UP & Rise again
I can still remember those times when things aren’t going right as normally does, because of mental health issues. I struggle for anxiety disorder and depression for years. I cried several times. I can’t see myself having an interest in anything. All are living in a black room. Negativity is eating me, the WHOLE me. Those years are spent with disappointments, failures, hates, and fits of anger and suicidal.
I’m out of focus, anger, and feeling worried at all time are amongst problem that I met. So, how can I begin if that the case?
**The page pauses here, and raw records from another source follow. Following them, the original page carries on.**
lemma linmap_proj2: "linmap s s (proj2 s e S1 S2)"
  and proj2_mult: "x \<in> S1 \<Longrightarrow> y \<in> S2 \<Longrightarrow> proj2 s e S1 S2 (x * y) = s (e x) y"
proof -
  have bilin_g: "bilin s s (\<lambda>u v. F c (s (e u) v))" for c
    using bilin_mult[OF lin_e lin_functional]
    by (simp add: lin_functional_scale[OF lin_functional])
  have scale_g: "s (e (s c u)) v = s c (s (e u) v)" for c u v
    using module.scale_scale[OF module] by (simp add: lin_functional_scale[OF lin_e])
  have "proj2 s e S1 S2 = extension (\<lambda>x y. s (e x) y)"
    unfolding proj2_def using bilin_g scale_g by (rule the_extension)
  then show "linmap s s (proj2 s e S1 S2)"
    and "x \<in> S1 \<Longrightarrow> y \<in> S2 \<Longrightarrow> proj2 s e S1 S2 (x * y) = s (e x) y"
    using linmap_extension[OF bilin_g scale_g] extension_mult[OF bilin_g scale_g] by simp_all
qed

lemma proj1_idem:
  assumes "e 1 = 1" "1 \<in> S2"
  shows "proj1 s e S1 S2 (proj1 s e S1 S2 a) = proj1 s e S1 S2 a"
proof -
  have "proj1 s e S1 S2 x = x" if "x \<in> S1" for x
    using proj1_mult[OF that assms(2)] assms(1) module.scale_one[OF module] by simp
  then have "proj1 s e S1 S2 \<circ> proj1 s e S1 S2 = proj1 s e S1 S2"
    using mult_iso linmap_additive[OF linmap_proj1]
    by (intro additive_eq_on_mult_iso)
      (auto simp: proj1_mult linmap_scale[OF linmap_proj1] additive_def)
  then show ?thesis by (rule comp_eq_dest_lhs)
qed

lemma proj2_idem:
  assumes "e 1 = 1" "1 \<in> S1"
  shows "proj2 s e S1 S2 (proj2 s e S1 S2 a) = proj2 s e S1 S2 a"
proof -
  have "proj2 s e S1 S2 y = y" if "y \<in> S2" for y
    using proj2_mult[OF assms(2) that] assms(1) module.scale_one[OF module] by simp
  then have "proj2 s e S1 S2 \<circ> proj2 s e S1 S2 = proj2 s e S1 S2"
    using mult_iso linmap_additive[OF linmap_proj2]
    by (intro additive_eq_on_mult_iso)
      (auto simp: proj2_mult linmap_scale[OF linmap_proj2] additive_def)
  then show ?thesis by (rule comp_eq_dest_lhs)
qed

end

end

lemma mult_decomposition_left:
  assumes "bialgebra sA DA eA" "hopf_pairing sA DA grA sB DB grB P"
    and "subalgebra sA A1" "mult_iso sA A1 A2"
  shows "mult_decomposition sA A1 A2 (\<lambda>b a. P a b)"
proof (rule mult_decomposition.intro)
  show "module sA"
    using assms(1) by (rule bialgebra_module)
  show "sA c (x * y) = sA c x * y" for c x y
    using assms(1) by (rule bialgebra_scale_mult)
  show "lin_functional sA (\<lambda>a. P a b)" for b
    using assms(2) by (rule hopf_pairing_lin_left)
  show "z = 0" if "\<forall>b. P z b = 0" for z
    using assms(2) that unfolding hopf_pairing_def by blast
qed (use assms(3,4) in \<open>auto simp: subalgebra_def\<close>)

lemma mult_decomposition_right:
  assumes "bialgebra sB DB eB" "hopf_pairing sA DA grA sB DB grB P"
    and "subalgebra sB B1" "mult_iso sB B1 B2"
  shows "mult_decomposition sB B1 B2 P"
proof (rule mult_decomposition.intro)
  show "module sB"
    using assms(1) by (rule bialgebra_module)
  show "sB c (x * y) = sB c x * y" for c x y
    using assms(1) by (rule bialgebra_scale_mult)
  show "lin_functional sB (P a)" for a
    using assms(2) by (rule hopf_pairing_lin_right)
  show "z = 0" if "\<forall>a. P a z = 0" for z
    using assms(2) that unfolding hopf_pairing_def by blast
qed (use assms(3,4) in \<open>auto simp: subalgebra_def\<close>)

locale orthogonal_factorizations =
  fixes sA :: "complex \<Rightarrow> 'a::ring_1 \<Rightarrow> 'a" and DA :: "'a \<Rightarrow> ('a \<times> 'a) list"
    and eA :: "'a \<Rightarrow> complex" and grA :: "nat \<Rightarrow> 'a set"
    and sB :: "complex \<Rightarrow> 'b::ring_1 \<Rightarrow> 'b" and DB :: "'b \<Rightarrow> ('b \<times> 'b) list"
    and eB :: "'b \<Rightarrow> complex" and grB :: "nat \<Rightarrow> 'b set"
    and P :: "'a \<Rightarrow> 'b \<Rightarrow> complex"
    and A1 A2 :: "'a set" and B1 B2 :: "'b set"
  assumes bialgebra_A: "bialgebra sA DA eA"
    and bialgebra_B: "bialgebra sB DB eB"
    and pairing: "hopf_pairing sA DA grA sB DB grB P"
    and subalgebra_A: "subalgebra sA A1" "subalgebra sA A2"
    and mult_iso_A: "mult_iso sA A1 A2"
    and coproduct_A1: "\<forall>a\<in>A1. \<exists>xs. teq2 sA xs (DA a) \<and> set xs \<subseteq> UNIV \<times> A1"
    and coproduct_A2: "\<forall>a\<in>A2. \<exists>xs. teq2 sA xs (DA a) \<and> set xs \<subseteq> A2 \<times> UNIV"
    and subalgebra_B: "subalgebra sB B1" "subalgebra sB B2"
    and mult_iso_B: "mult_iso sB B1 B2"
    and coproduct_B1: "\<forall>b\<in>B1. \<exists>xs. teq2 sB xs (DB b) \<and> set xs \<subseteq> B1 \<times> UNIV"
    and coproduct_B2: "\<forall>b\<in>B2. \<exists>xs. teq2 sB xs (DB b) \<and> set xs \<subseteq> UNIV \<times> B2"
    and orthogonal_A1_B2: "\<forall>a\<in>A1. \<forall>b\<in>B2. P a b = eA a * eB b"
    and orthogonal_A2_B1: "\<forall>a\<in>A2. \<forall>b\<in>B1. P a b = eA a * eB b"
begin
theorem lemma6p1:
  fixes \<alpha> \<gamma> c :: real and r :: "nat \<Rightarrow> real"
    and l :: "nat \<Rightarrow> real" and k :: "nat \<Rightarrow> real \<Rightarrow> nat"
  assumes "0 < \<alpha>" "\<alpha> \<le> 1" "1/2 < \<gamma>" "\<gamma> \<le> 1" "0 < c"
    and "\<And>n. 0 \<le> r n" "\<And>n. r n < 1"
    and "(\<lambda>n. real n powr \<gamma> * r n) \<longlonglongrightarrow> c"
    and l_def: "\<And>n. l n = (\<Prod>j<n. 1 / (1 - \<alpha> * r j))"
    and k_def: "\<And>n t. k n t = nat \<lfloor>real n + real n powr \<gamma> * t\<rfloor>"
  shows "(\<gamma> < 1 \<longrightarrow> (\<forall>K. compact K \<and> K \<subseteq> {0..} \<longrightarrow>
            uniform_limit K (\<lambda>n t. l (k n t) / l n) (\<lambda>t. exp (c * \<alpha> * t)) sequentially))
       \<and> (\<gamma> = 1 \<and> 2 * c * \<alpha> > 1 \<longrightarrow> (\<forall>K. compact K \<and> K \<subseteq> {0..} \<longrightarrow>
            uniform_limit K (\<lambda>n t. l (k n t) / l n) (\<lambda>t. (1 + t) powr (c * \<alpha>)) sequentially))"
proof -
  have u: "\<alpha> * r j < 1" for j
    using mult_right_mono[OF \<open>\<alpha> \<le> 1\<close> assms(6)[of j]] assms(7)[of j] by simp
  have lim: "(\<lambda>j. real j powr \<gamma> * (\<alpha> * r j)) \<longlonglongrightarrow> c * \<alpha>"
    using tendsto_mult_right[OF assms(8), of \<alpha>] by (simp add: mult_ac)
  have ratio: "(\<lambda>n t. l (k n t) / l n) = (\<lambda>n t.
      (\<Prod>j<nat \<lfloor>real n + real n powr \<gamma> * t\<rfloor>. 1 / (1 - \<alpha> * r j)) / (\<Prod>j<n. 1 / (1 - \<alpha> * r j)))"
    by (simp add: l_def k_def)
  show ?thesis
  proof (intro conjI impI allI; elim conjE)
    fix K :: "real set" assume "\<gamma> < 1" "compact K" "K \<subseteq> {0..}"
    then show "uniform_limit K (\<lambda>n t. l (k n t) / l n) (\<lambda>t. exp (c * \<alpha> * t)) sequentially"
      unfolding ratio using assms(3) by (intro uniform_limit_prod_ratio_exp u lim) auto
  next
    fix K :: "real set" assume "\<gamma> = 1" "compact K" "K \<subseteq> {0..}"
    then have powr_\<gamma>: "real n powr \<gamma> = real n" for n
      by simp
    show "uniform_limit K (\<lambda>n t. l (k n t) / l n) (\<lambda>t. (1 + t) powr (c * \<alpha>)) sequentially"
      unfolding ratio powr_\<gamma> using lim[unfolded powr_\<gamma>] \<open>compact K\<close> \<open>K \<subseteq> {0..}\<close>
      by (rule uniform_limit_prod_ratio_powr[OF u])
  qed
qed

end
Remembering of giving up my long-term job to get rid of tension and pressured from my work because I thought this is the only way to distress from negativity. And to look at another phase of my life like working outside of my comfort zone is a better way of making myself active again. But it isn’t easy. It brought me to become more anxious about how to deal with the situation.
The only lesson I’ve learned from this situation was to take things to step by step. Don’t be rushed, and fooled for decision making, somehow it might lead you to a wrong move and worst-case scenario.
Just give a break and breathe. Trust yourself-gut.
I know it’s too early to say But, here I am sitting on a couch in front of my desk making THINGS TO DO LIST, excited to check the list of my planners, thinking randomly for my whereabouts. Because I know and I can feel my OLD me is back. Renewed, regain.
Process of Recovery
The process is not a one-session therapy only; it took years of seeking help, finding people who can understand the issue. It’s an ON and OFF recovery. You have to decide to disconnect and reconnect. Disconnect from unnecessary things even more and reconnect once again to a group of people who can help you to push YOU UP and rise again.
Failures and rejections are a powerful combination of lessons that brings the best in ME, in whatever I do and takes action. Unhappy days are a great source of my upcoming days. I know this is just the beginning of much more life lesson of SUCCESS.